In a fractured decision, Chief Justice John Roberts authored a plurality opinion that struck down the aggregate limit as a “mismatch” between the government’s goal of curbing corruption and its chosen means of imposing an aggregate limit. Although the government has a valid interest in limiting quid pro quo corruption between contributors and elected officials, the Court explained, an aggregate limit imposed across all candidates does not limit the risk of corruption enough to justify the way it significantly limits the right to support candidates in an election. In the face of core First Amendment guarantees, the aggregate limit could not survive because it was not “closely drawn to avoid unnecessary abridgment of associational freedoms.” Slip opinion at 30 (citation omitted).

The Chief Justice was joined by three of his colleagues: Justices Antonin Scalia, Anthony Kennedy, and Samuel Alito. Justice Clarence Thomas wrote separately to say that he would both strike down aggregate limits and overturn key Supreme Court precedent sanctioning a wide array of campaign finance restrictions.

The Dissent

Writing for the four Justices in dissent, Justice Stephen Breyer argued that aggregate campaign contribution limits had been previously held to be constitutional and that the reversal of existing precedent will come at a grave cost to the U.S. political system. In his view, the decision of the plurality “undermines, perhaps devastates, what remains of campaign finance reform.” Slip opinion at 30 (Breyer, J., dissenting). Justice Breyer was joined by Justices Ruth Bader Ginsburg, Sonia Sotomayor, and Elena Kagan.

Unchanged Rules

Prior to today’s decision in McCutcheon, campaign contributions were subject to two key limitations. The first limit, which remains intact, is the base limit on individual contributions to a single campaign, party committee, or political action committee.
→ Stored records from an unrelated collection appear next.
(* For every hypothesis class $\mathcal{H}\subseteq\{0,1\}^{\mathcal{X}}$, $\mathtt{CD}(\mathcal{H})\le\max\{2\,\mathtt{LD}(\mathcal{H})\log_2(\mathtt{LD}(\mathcal{H})),\,300\}$ (with the convention $0\log_2 0=0$).
   Context: A dataset of size $m$ is $S=((x_1,y_1),\dots,(x_m,y_m))\in(\mathcal{X}\times\{0,1\})^m$; it is $\mathcal{H}$-realizable if some $h\in\mathcal{H}$ satisfies $h(x_i)=y_i$ for all $i$. $G_m(\mathcal{H})$ is the graph on realizable datasets of size $m$ with $S,S'$ adjacent iff there is $x$ with $(x,0)$ appearing in $S$ and $(x,1)$ appearing in $S'$; $\omega_m$ is its clique number; $\mathtt{CD}(\mathcal{H})=\sup\{m:\omega_m=2^m\}$. A mistake tree is a complete binary tree whose internal nodes are labeled by points of $\mathcal{X}$, each internal node having one outgoing edge labeled $0$ and one labeled $1$; a root-to-leaf path yields the sequence of (node label, edge label) pairs. $\mathcal{H}$ shatters the tree if every root-to-leaf path is realizable by $\mathcal{H}$. $\mathtt{LD}(\mathcal{H})$ is the largest depth of a complete mistake tree shattered by $\mathcal{H}$ ($\infty$ if unbounded). *)

theory Defs
  imports Complex_Main "HOL-Library.Extended_Real"
begin

text \<open>Hypothesis classes are sets of functions 'x => bool (False = label 0, True = label 1).
A dataset of size m is a list of length m of labelled points.\<close>

definition realizable :: "('x \<Rightarrow> bool) set \<Rightarrow> ('x \<times> bool) list \<Rightarrow> bool" where
  "realizable H S \<longleftrightarrow> (\<exists>h\<in>H. \<forall>(x, y)\<in>set S. h x = y)"

definition datasets :: "('x \<Rightarrow> bool) set \<Rightarrow> nat \<Rightarrow> ('x \<times> bool) list set" where
  "datasets H m = {S. length S = m \<and> realizable H S}"

definition adjacent :: "('x \<times> bool) list \<Rightarrow> ('x \<times> bool) list \<Rightarrow> bool" where
  "adjacent S S' \<longleftrightarrow> (\<exists>x. ((x, False) \<in> set S \<and> (x, True) \<in> set S') \<or>
                          ((x, False) \<in> set S' \<and> (x, True) \<in> set S))"

definition is_clique :: "('x \<Rightarrow> bool) set \<Rightarrow> nat \<Rightarrow> ('x \<times> bool) list set \<Rightarrow> bool" where
  "is_clique H m C \<longleftrightarrow> C \<subseteq> datasets H m \<and> (\<forall>S\<in>C. \<forall>S'\<in>C. S \<noteq> S' \<longrightarrow> adjacent S S')"

definition clique_number :: "('x \<Rightarrow> bool) set \<Rightarrow> nat \<Rightarrow> enat" where
  "clique_number H m = Sup {enat (card C) | C. finite C \<and> is_clique H m C}"

definition CD :: "('x \<Rightarrow> bool) set \<Rightarrow> enat" where
  "CD H = Sup {enat m | m. clique_number H m = enat (2 ^ m)}"

text \<open>Mistake trees: Node x T0 T1, T0 along the edge labelled 0, T1 along the edge labelled 1.\<close>
datatype 'x mtree = Leaf | Node 'x "'x mtree" "'x mtree"

fun complete_depth :: "'x mtree \<Rightarrow> nat \<Rightarrow> bool" where
  "complete_depth Leaf d = (d = 0)"
| "complete_depth (Node x l r) d = (d > 0 \<and> complete_depth l (d - 1) \<and> complete_depth r (d - 1))"

fun paths :: "'x mtree \<Rightarrow> ('x \<times> bool) list set" where
  "paths Leaf = {[]}"
| "paths (Node x l r) = ((\<lambda>p. (x, False) # p) ` paths l) \<union> ((\<lambda>p. (x, True) # p) ` paths r)"

definition shatters_tree :: "('x \<Rightarrow> bool) set \<Rightarrow> 'x mtree \<Rightarrow> bool" where
  "shatters_tree H T \<longleftrightarrow> (\<forall>p\<in>paths T. realizable H p)"

definition LD :: "('x \<Rightarrow> bool) set \<Rightarrow> enat" where
  "LD H = Sup {enat d | d. \<exists>T. complete_depth T d \<and> shatters_tree H T}"

end

theory Submission
  imports Defs
begin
That limit remains unchanged, thus there is still a limit of $2,600 that an individual may contribute to a candidate for each election in the two year election cycle. As a result, one may contribute $2,600 for a primary election, $2,600 for a general election, and an additional $2,600 if there is a runoff election. Limits on contributions to other committees may be seen on the below chart.

In addition, the decision has no impact on the operation of a Super PAC, otherwise known as an “independent expenditure-only committee.” Nor does the decision permit corporations to make contributions to federal candidate committees.

New Rule

The limit that was struck down today restricted the overall amount individuals can contribute to election campaigns during a given two-year election cycle. Those aggregate limits were most recently set at $48,600 for federal candidates and $74,600 for other political committees, including national and state party committees, for an overall limit of $123,200 per two-year cycle. As such, prior to this decision a person could give the maximum base contribution of $5,200, for both a primary and a general election, to a maximum of nine federal candidates, whereas now a person can contribute to all federal candidates if she so desires. Similarly, an individual may now contribute to as many PACs as desired, including state and federal committees, such as the Democratic National Committee and the Republican National Committee, as long as each contribution is within the base limit currently set at $32,400 for the national party committees.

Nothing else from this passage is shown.